March 2, 2010

Real-Time is Prime-Time for Scams

I had a brief panic earlier this week. For a few hours I thought the Internet was on the verge of collapse. The sudden concern was brought about by trying to find season 1 episode 1 of "Glee" online somewhere.

My first thought was to go to as this has become my new authority for legal online television. It turns out that only the last 5 episodes of Glee are available on Hulu. A fascinating conversation with a Fox executive taught me about how that is the result of a legacy method of licensing the content for television programs that has been shoehorned into the Internet TV age. It used to be that shows followed a path from brand-new to syndication in a well-ordered manner which doesn't match well with the expectations the public have of finding all shows archived on the Internet somewhere. That, however, is tangential to my panic.

Unsuccessful on hulu, I started doing just a general Google search and turned up many many many pages purporting to be Glee Episode 1 Season 1, but were really just gateway videos to ... you guessed it ... porn.

I immediately related this experience to the resulting aftermath of the Haiti and now Chile earthquakes in which immediately following both disasters, internet sites sprang up which fraudulently offered to take donations on behalf of victims or redirect you to their issue / product of primary concern which was rarely related to the disaster.

A final example of this effect comes from Twitter. In the Twitterverse whenever a meme is created, usually with a hashtag, it is not long after that the griefers and scammers show up. They post their VIAGRA ad with the hottest twitter meme hashtag and destroy the conversation for everyone else.

My panic peaked at this point? How has the internet survived so long in the face of this stuff? Has it just grown to the point where this is now economically feasible? Are we in a new era of the web which looks like the spam-era of email? As part of the work that I've been doing on Information Retrieval I was able to consider how powerful the signal from PageRank must be to overcome this: To have been overcoming this for so long.

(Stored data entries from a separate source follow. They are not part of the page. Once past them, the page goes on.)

(* Let $k\in\mathbb{N}_0$. (1) If $n=1$, then $\mathtt{m}_{2k}-\mathtt{m}_1^{2k}\in\operatorname{qm}(\emptyset,\emptyset)$. (2) For any $n\in\mathbb{N}$ and $i_1,\dots,i_n\in\mathbb{N}_0$, $\mathtt{m}_{2ki_1,\dots,2ki_n}-\mathtt{m}_{i_1,\dots,i_n}^{2k}\in\operatorname{qm}(\emptyset,\emptyset)$.
   Context: Let $\mathbb{R}[\underline x]=\mathbb{R}[x_1,\dots,x_n]$, $\mathscr{M}=\mathbb{R}[\mathtt{m}_{i_1,\dots,i_n}\colon (i_1,\dots,i_n)\in\mathbb{N}_0^n]$ the polynomial ring in countably many indeterminates with $\mathtt{m}_{0,\dots,0}:=1$ (for $n=1$ these are $\mathtt{m}_i$, $i\in\mathbb{N}_0$), $\mathscr{M}[\underline x]=\mathscr{M}\otimes_{\mathbb{R}}\mathbb{R}[\underline x]$, and $\mathtt{m}:\mathscr{M}[\underline x]\to\mathscr{M}$ the unique $\mathscr{M}$-linear map with $\mathtt{m}(x_1^{i_1}\cdots x_n^{i_n})=\mathtt{m}_{i_1,\dots,i_n}$. $\operatorname{qm}(\emptyset,\emptyset)$ is the quadratic module of $\mathscr{M}$ generated by $\{\mathtt{m}(f^2)\colon f\in\mathscr{M}[\underline x]\}$, i.e. the smallest subset of $\mathscr{M}$ containing $1$ and these elements and closed under addition and under multiplication by squares of elements of $\mathscr{M}$. *)

theory Defs
  imports Complex_Main "HOL-Library.Poly_Mapping"
begin

text \<open>Multi-indices (i_1,...,i_n) in N_0^n are finitely supported maps nat =>0 nat
  whose support lies in {..<n} (coordinate j corresponds to index j+1).\<close>

definition multi_idx :: "nat \<Rightarrow> (nat \<Rightarrow>\<^sub>0 nat) set" where
  "multi_idx n = {\<alpha>. Poly_Mapping.keys \<alpha> \<subseteq> {..<n}}"

text \<open>The ring M: real polynomials in indeterminates indexed by multi-indices
  (a monomial is a finitely supported map from indices to exponents).
  Only the indeterminates m_alpha with alpha in N_0^n, alpha nonzero, belong to M
  (m_0 := 1).\<close>

type_synonym mom = "((nat \<Rightarrow>\<^sub>0 nat) \<Rightarrow>\<^sub>0 nat) \<Rightarrow>\<^sub>0 real"

text \<open>M[x] = M tensor R[x_1..x_n]: polynomials in x with coefficients in M.\<close>

type_synonym momx = "(nat \<Rightarrow>\<^sub>0 nat) \<Rightarrow>\<^sub>0 mom"

definition mvar :: "(nat \<Rightarrow>\<^sub>0 nat) \<Rightarrow> mom" where
  "mvar \<alpha> = (if \<alpha> = 0 then 1 else Poly_Mapping.single (Poly_Mapping.single \<alpha> 1) 1)"

definition in_M :: "nat \<Rightarrow> mom \<Rightarrow> bool" where
  "in_M n p \<longleftrightarrow> (\<forall>\<mu>\<in>Poly_Mapping.keys p. Poly_Mapping.keys \<mu> \<subseteq> {\<alpha>. \<alpha> \<in> multi_idx n \<and> \<alpha> \<noteq> 0})"

definition in_Mx :: "nat \<Rightarrow> momx \<Rightarrow> bool" where
  "in_Mx n f \<longleftrightarrow> (\<forall>\<beta>\<in>Poly_Mapping.keys f. \<beta> \<in> multi_idx n \<and> in_M n (Poly_Mapping.lookup f \<beta>))"

definition mlin :: "momx \<Rightarrow> mom" where
  "mlin f = (\<Sum>\<beta>\<in>Poly_Mapping.keys f. Poly_Mapping.lookup f \<beta> * mvar \<beta>)"

inductive_set qm0 :: "nat \<Rightarrow> mom set" for n :: nat where
  one: "1 \<in> qm0 n"
| gen: "in_Mx n f \<Longrightarrow> mlin (f * f) \<in> qm0 n"
| add: "a \<in> qm0 n \<Longrightarrow> b \<in> qm0 n \<Longrightarrow> a + b \<in> qm0 n"
| sq: "a \<in> qm0 n \<Longrightarrow> in_M n g \<Longrightarrow> g * g * a \<in> qm0 n"

end

theory Submission
  imports Defs
begin

text \<open>Put \<open>a = m\<^sub>i\<close> and \<open>x = x\<^sup>i\<close>. The gap between \<open>x\<^bsup>2k\<^esup>\<close> and its tangent line at \<open>a\<close>,
  \<open>x\<^bsup>2k\<^esup> - 2k a\<^bsup>2k-1\<^esup> x + (2k-1) a\<^bsup>2k\<^esup>\<close>, is a sum of squares in \<open>M[x]\<close> with nonnegative integer
  weights. The functional \<open>m\<close> is \<open>M\<close>-linear with \<open>m(x) = a\<close>, so it maps this polynomial to
  \<open>m\<^bsub>2ki\<^esub> - a\<^bsup>2k\<^esup>\<close> and every weighted square \<open>c f\<^sup>2\<close> to \<open>c m(f\<^sup>2)\<close>, which lies in \<open>qm(\<emptyset>,\<emptyset>)\<close>.\<close>

lemma power_tangent_gap_eq:
  fixes u v :: "'a::comm_ring_1"
  shows "u^(m+1) - of_nat (m+1) * u * v^m + of_nat m * v^(m+1)
     = (u - v)^2 * (\<Sum>j<m. of_nat (j+1) * u^(m-1-j) * v^j)"
proof (induction m)
  case 0
  then show ?case by simp
next
  case (Suc m)
  have "(\<Sum>j<m. of_nat (j+1) * u^(Suc m-1-j) * v^j) = u * (\<Sum>j<m. of_nat (j+1) * u^(m-1-j) * v^j)"
    unfolding sum_distrib_left
  proof (intro sum.cong refl)
    fix j assume "j \<in> {..<m}"
    then have "u^(Suc m-1-j) = u * u^(m-1-j)"
      by (simp add: Suc_diff_Suc flip: power_Suc)
    then show "of_nat (j+1) * u^(Suc m-1-j) * v^j = u * (of_nat (j+1) * u^(m-1-j) * v^j)"
      by (simp add: algebra_simps)
  qed
  then have split: "(\<Sum>j<Suc m. of_nat (j+1) * u^(Suc m-1-j) * v^j)
      = u * (\<Sum>j<m. of_nat (j+1) * u^(m-1-j) * v^j) + of_nat (m+1) * v^m"
    by simp
  have "(u - v)^2 * (\<Sum>j<Suc m. of_nat (j+1) * u^(Suc m-1-j) * v^j)
     = u * (u^(m+1) - of_nat (m+1) * u * v^m + of_nat m * v^(m+1)) + of_nat (m+1) * v^m * (u - v)^2"
    unfolding split Suc.IH by (simp add: algebra_simps)
  also have "\<dots> = u^(Suc m+1) - of_nat (Suc m+1) * u * v^Suc m + of_nat (Suc m) * v^(Suc m+1)"
    by (simp add: algebra_simps power2_eq_square)
  finally show ?case by simp
qed

text \<open>Apply the previous lemma to \<open>u = x\<^sup>2\<close>, \<open>v = a\<^sup>2\<close> and add \<open>(m+1) a\<^bsup>2m\<^esup> (x - a)\<^sup>2\<close>.\<close>

lemma even_power_tangent_gap_sos:
  fixes x a :: "'a::comm_ring_1"
  shows "x^(2*m+2) - of_nat (2*m+2) * a^(2*m+1) * x + of_nat (2*m+1) * a^(2*m+2)
    = (\<Sum>j<m. of_nat (j+1) * (((x^2 - a^2) * x^(m-1-j) * a^j) * ((x^2 - a^2) * x^(m-1-j) * a^j)))
      + of_nat (m+1) * ((a^m * (x - a)) * (a^m * (x - a)))"
proof -
  have "(\<Sum>j<m. of_nat (j+1) * (((x^2 - a^2) * x^(m-1-j) * a^j) * ((x^2 - a^2) * x^(m-1-j) * a^j)))
     = (x^2 - a^2)^2 * (\<Sum>j<m. of_nat (j+1) * (x^2)^(m-1-j) * (a^2)^j)"
    unfolding sum_distrib_left
    by (rule sum.cong) (simp_all add: power_mult_distrib power2_eq_square algebra_simps flip: power_mult)
  also have "\<dots> = (x^2)^(m+1) - of_nat (m+1) * x^2 * (a^2)^m + of_nat m * (a^2)^(m+1)"
    by (rule power_tangent_gap_eq[symmetric])
  also have "\<dots> = x^(2*m+2) - of_nat (m+1) * x^2 * a^(2*m) + of_nat m * a^(2*m+2)"
    by (simp only: power_mult[symmetric]) (simp add: ac_simps)
  finally have sos: "(\<Sum>j<m. of_nat (j+1) * (((x^2 - a^2) * x^(m-1-j) * a^j) * ((x^2 - a^2) * x^(m-1-j) * a^j)))
     = x^(2*m+2) - of_nat (m+1) * x^2 * a^(2*m) + of_nat m * a^(2*m+2)" .
  have "a^m * a^m = a^(2*m)"
    by (simp add: mult_2 power_add)
  then show ?thesis
    unfolding sos by (simp add: algebra_simps power2_eq_square power_add)
qed

lemma single_power:
  fixes k :: "'k::semiring_1" and c :: "'a::comm_semiring_1"
  shows "Poly_Mapping.single k c ^ r = Poly_Mapping.single (of_nat r * k) (c ^ r)"
  by (induction r) (simp_all add: mult_single algebra_simps)

lemma map_times_eq_of_nat_mult:
  "Poly_Mapping.map ((*) r) (i :: 'k::monoid_add \<Rightarrow>\<^sub>0 nat) = of_nat r * i"
  by (metis mult_map_scale_conv_mult single_of_nat of_nat_id)

lemma sum_single_lookup: "(\<Sum>\<beta>\<in>Poly_Mapping.keys f. Poly_Mapping.single \<beta> (Poly_Mapping.lookup f \<beta>)) = f"
  by (rule poly_mapping_eqI) (simp add: lookup_sum lookup_single when_def in_keys_iff)

lemma multi_idx_zero: "0 \<in> multi_idx n"
  by (simp add: multi_idx_def)

lemma multi_idx_add: "a \<in> multi_idx n \<Longrightarrow> b \<in> multi_idx n \<Longrightarrow> a + b \<in> multi_idx n"
  unfolding multi_idx_def using keys_add[of a b] by auto

lemma in_M_zero: "in_M n 0"
  by (simp add: in_M_def)

lemma in_M_one: "in_M n 1"
  by (simp add: in_M_def)

lemma in_M_add: "in_M n p \<Longrightarrow> in_M n q \<Longrightarrow> in_M n (p + q)"
  unfolding in_M_def using keys_add[of p q] by blast

lemma in_M_uminus: "in_M n p \<Longrightarrow> in_M n (- p)"
  unfolding in_M_def by simp

lemma in_M_diff: "in_M n p \<Longrightarrow> in_M n q \<Longrightarrow> in_M n (p - q)"
  using in_M_add[of n p "- q"] in_M_uminus[of n q] by simp

lemma in_M_mult:
  assumes "in_M n p" "in_M n q"
  shows "in_M n (p * q)"
  unfolding in_M_def
proof
  fix \<mu> assume "\<mu> \<in> Poly_Mapping.keys (p * q)"
  then obtain a b where "\<mu> = a + b" "a \<in> Poly_Mapping.keys p" "b \<in> Poly_Mapping.keys q"
    using keys_mult[of p q] by blast
  then show "Poly_Mapping.keys \<mu> \<subseteq> {\<alpha>. \<alpha> \<in> multi_idx n \<and> \<alpha> \<noteq> 0}"
    using assms keys_add[of a b] unfolding in_M_def by blast
qed

lemma in_M_mvar: "i \<in> multi_idx n \<Longrightarrow> in_M n (mvar i)"
  by (simp add: mvar_def in_M_one) (simp add: in_M_def)

lemma in_Mx_iff_lookup:
  "in_Mx n f \<longleftrightarrow> Poly_Mapping.keys f \<subseteq> multi_idx n \<and> (\<forall>\<beta>. in_M n (Poly_Mapping.lookup f \<beta>))"
  unfolding in_Mx_def using in_M_zero[of n] by (auto simp: in_keys_iff)

lemma in_Mx_zero: "in_Mx n 0"
  by (simp add: in_Mx_def)

lemma in_Mx_one: "in_Mx n 1"
  by (simp add: in_Mx_def multi_idx_zero in_M_one)

lemma in_Mx_single: "\<beta> \<in> multi_idx n \<Longrightarrow> in_M n c \<Longrightarrow> in_Mx n (Poly_Mapping.single \<beta> c)"
  by (simp add: in_Mx_def)

lemma in_Mx_add: "in_Mx n f \<Longrightarrow> in_Mx n g \<Longrightarrow> in_Mx n (f + g)"
  using keys_add[of f g] unfolding in_Mx_iff_lookup by (auto simp: lookup_add in_M_add)

lemma in_Mx_diff: "in_Mx n f \<Longrightarrow> in_Mx n g \<Longrightarrow> in_Mx n (f - g)"
  using keys_diff[of f g] unfolding in_Mx_iff_lookup by (auto simp: lookup_minus in_M_diff)

lemma in_Mx_sum: "(\<And>x. x \<in> S \<Longrightarrow> in_Mx n (F x)) \<Longrightarrow> in_Mx n (sum F S)"
  by (induction S rule: infinite_finite_induct) (simp_all add: in_Mx_zero in_Mx_add)

lemma in_Mx_mult:
  assumes f: "in_Mx n f" and g: "in_Mx n g"
  shows "in_Mx n (f * g)"
proof -
  have "f * g = (\<Sum>\<beta>\<in>Poly_Mapping.keys f. \<Sum>\<gamma>\<in>Poly_Mapping.keys g.
      Poly_Mapping.single (\<beta> + \<gamma>) (Poly_Mapping.lookup f \<beta> * Poly_Mapping.lookup g \<gamma>))"
    by (subst (1 2) sum_single_lookup[symmetric]) (simp add: sum_product mult_single)
  also have "in_Mx n \<dots>"
    using f g by (intro in_Mx_sum in_Mx_single multi_idx_add in_M_mult) (auto simp: in_Mx_def)
  finally show ?thesis .
qed

lemma in_Mx_power: "in_Mx n f \<Longrightarrow> in_Mx n (f ^ r)"
  by (induction r) (simp_all add: in_Mx_one in_Mx_mult)

lemma mvar_zero: "mvar 0 = 1"
  by (simp add: mvar_def)

lemma mlin_eq_sum_superset:
  assumes "finite S" "Poly_Mapping.keys f \<subseteq> S"
  shows "mlin f = (\<Sum>\<beta>\<in>S. Poly_Mapping.lookup f \<beta> * mvar \<beta>)"
  unfolding mlin_def
  by (rule sum.mono_neutral_left) (use assms in \<open>auto simp: in_keys_iff\<close>)

lemma mlin_zero: "mlin 0 = 0"
  by (simp add: mlin_def)

lemma mlin_single: "mlin (Poly_Mapping.single \<beta> c) = c * mvar \<beta>"
  by (simp add: mlin_def)

lemma mlin_add: "mlin (f + g) = mlin f + mlin g"
proof -
  let ?S = "Poly_Mapping.keys f \<union> Poly_Mapping.keys g"
  have "mlin (f + g) = (\<Sum>\<beta>\<in>?S. Poly_Mapping.lookup (f + g) \<beta> * mvar \<beta>)"
    by (rule mlin_eq_sum_superset) (auto dest: keys_add[THEN subsetD])
  also have "\<dots> = (\<Sum>\<beta>\<in>?S. Poly_Mapping.lookup f \<beta> * mvar \<beta>) + (\<Sum>\<beta>\<in>?S. Poly_Mapping.lookup g \<beta> * mvar \<beta>)"
    by (simp add: lookup_add distrib_right sum.distrib)
  also have "\<dots> = mlin f + mlin g"
    by (simp add: mlin_eq_sum_superset[symmetric])
  finally show ?thesis .
qed

lemma mlin_uminus: "mlin (- f) = - mlin f"
  unfolding mlin_def by (simp add: sum_negf)

lemma mlin_diff: "mlin (f - g) = mlin f - mlin g"
  using mlin_add[of f "- g"] by (simp add: mlin_uminus)

lemma mlin_sum: "mlin (sum F S) = (\<Sum>x\<in>S. mlin (F x))"
  by (induction S rule: infinite_finite_induct) (simp_all add: mlin_zero mlin_add)

lemma mlin_of_nat_mult: "mlin (of_nat c * f) = of_nat c * mlin f"
  by (induction c) (simp_all add: mlin_zero mlin_add distrib_right)

lemma qm0_zero: "0 \<in> qm0 n"
  using qm0.sq[OF qm0.one in_M_zero, of n] by simp

lemma qm0_of_nat_mult: "a \<in> qm0 n \<Longrightarrow> of_nat c * a \<in> qm0 n"
  by (induction c) (simp_all add: qm0_zero distrib_right qm0.add)

lemma qm0_sum: "(\<And>x. x \<in> S \<Longrightarrow> F x \<in> qm0 n) \<Longrightarrow> sum F S \<in> qm0 n"
  by (induction S rule: infinite_finite_induct) (simp_all add: qm0_zero qm0.add)

lemma mvar_scaled_minus_power_in_qm0:
  assumes i: "i \<in> multi_idx n"
  shows "mvar (of_nat (2*m+2) * i) - mvar i ^ (2*m+2) \<in> qm0 n"
proof -
  define a where "a = mvar i"
  define x where "x = (Poly_Mapping.single i 1 :: momx)"
  define A where "A = (Poly_Mapping.single 0 a :: momx)"
  have "in_Mx n x" "in_Mx n A"
    unfolding x_def A_def a_def using i
    by (simp_all add: in_Mx_single in_M_one in_M_mvar multi_idx_zero)
  have eval: "mlin (x^(2*m+2)) = mvar (of_nat (2*m+2) * i)"
      "mlin (A^(2*m+1) * x) = a^(2*m+2)" "mlin (A^(2*m+2)) = a^(2*m+2)"
    unfolding x_def A_def single_power
    by (simp_all add: mult_single mlin_single mvar_zero a_def[symmetric] algebra_simps)
  let ?gap = "x^(2*m+2) - of_nat (2*m+2) * A^(2*m+1) * x + of_nat (2*m+1) * A^(2*m+2)"
  have "mlin ?gap = mvar (of_nat (2*m+2) * i) - a ^ (2*m+2)"
    by (simp only: mlin_add mlin_diff mult.assoc mlin_of_nat_mult eval) (simp add: algebra_simps)
  moreover have "mlin ?gap \<in> qm0 n"
    unfolding even_power_tangent_gap_sos mlin_add mlin_sum mlin_of_nat_mult
    using \<open>in_Mx n x\<close> \<open>in_Mx n A\<close>
    by (intro qm0.add qm0_sum qm0_of_nat_mult qm0.gen in_Mx_mult in_Mx_diff in_Mx_power)
  ultimately show ?thesis
    unfolding a_def by simp
qed

lemma mvar_map_times_minus_power_in_qm0:
  assumes "i \<in> multi_idx n"
  shows "mvar (Poly_Mapping.map (\<lambda>j. 2 * k * j) i) - mvar i ^ (2 * k) \<in> qm0 n"
proof -
  have scaled: "Poly_Mapping.map (\<lambda>j. 2 * k * j) i = of_nat (2 * k) * i"
    by (rule map_times_eq_of_nat_mult)
  show ?thesis
  proof (cases k)
    case 0
    then show ?thesis
      unfolding scaled by (simp add: mvar_zero qm0_zero)
  next
    case (Suc m)
    then have "2 * k = 2*m+2" by simp
    then show ?thesis
      unfolding scaled using mvar_scaled_minus_power_in_qm0[OF assms, of m] by simp
  qed
qed

theorem lemma2p2:
  fixes k :: nat
  shows "mvar (Poly_Mapping.single 0 (2 * k)) - (mvar (Poly_Mapping.single 0 1)) ^ (2 * k) \<in> qm0 1
    \<and> (\<forall>n i. n \<ge> 1 \<longrightarrow> i \<in> multi_idx n \<longrightarrow>
           mvar (Poly_Mapping.map (\<lambda>j. 2 * k * j) i) - (mvar i) ^ (2 * k) \<in> qm0 n)"
proof
  have "Poly_Mapping.single 0 (1::nat) \<in> multi_idx 1"
    by (simp add: multi_idx_def)
  then show "mvar (Poly_Mapping.single 0 (2 * k)) - (mvar (Poly_Mapping.single 0 1)) ^ (2 * k) \<in> qm0 1"
    using mvar_map_times_minus_power_in_qm0[of "Poly_Mapping.single 0 1" 1 k] by simp
  show "\<forall>n i. n \<ge> 1 \<longrightarrow> i \<in> multi_idx n \<longrightarrow>
           mvar (Poly_Mapping.map (\<lambda>j. 2 * k * j) i) - (mvar i) ^ (2 * k) \<in> qm0 n"
    using mvar_map_times_minus_power_in_qm0 by blast
qed

end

PageRank, is a technique in which links from one page to another confirm authority on the destination page. The paths that people can take through the Internet by following links therefore reveal a great deal about where the good content is and where the bad content is. The links represent the efforts of human curation on the Internet. Every link that you put on your web page helps PageRank sifts the garbage from the gold.

However, this doesn't work with real-time information because PageRank is pretty slow. It takes time for people to add those links. It takes time to figure out the shape of the Internet and it takes time to report the results back to Internet searchers. Apparently it takes more than half a season of Glee, because I can only find garbage today.

So PageRank works well for archived data, what can work for real-time data? Maybe social networks can. If you can leverage social networks to immediately vote on the content being created by the real-time web, then perhaps the social network can replace PageRank for ephemeral data. All that remains is a way of figuring out what people think is good or bad in the same way that looking at a link tells you whether people think content is good or bad.

So what started out as a panic that the Internet was about to collapse, really gave me a new appreciation for PageRank. In some ways the link structure of the Internet is the social network that we have been leveraging all along. My panic also made me realize that we need a new signal for real-time ephemeral data - like news and tweets - to sift the good from the bad. My panic has subsided now that I know the shape of the problem a little better. I think the problem is large, but it would be cool to solve it.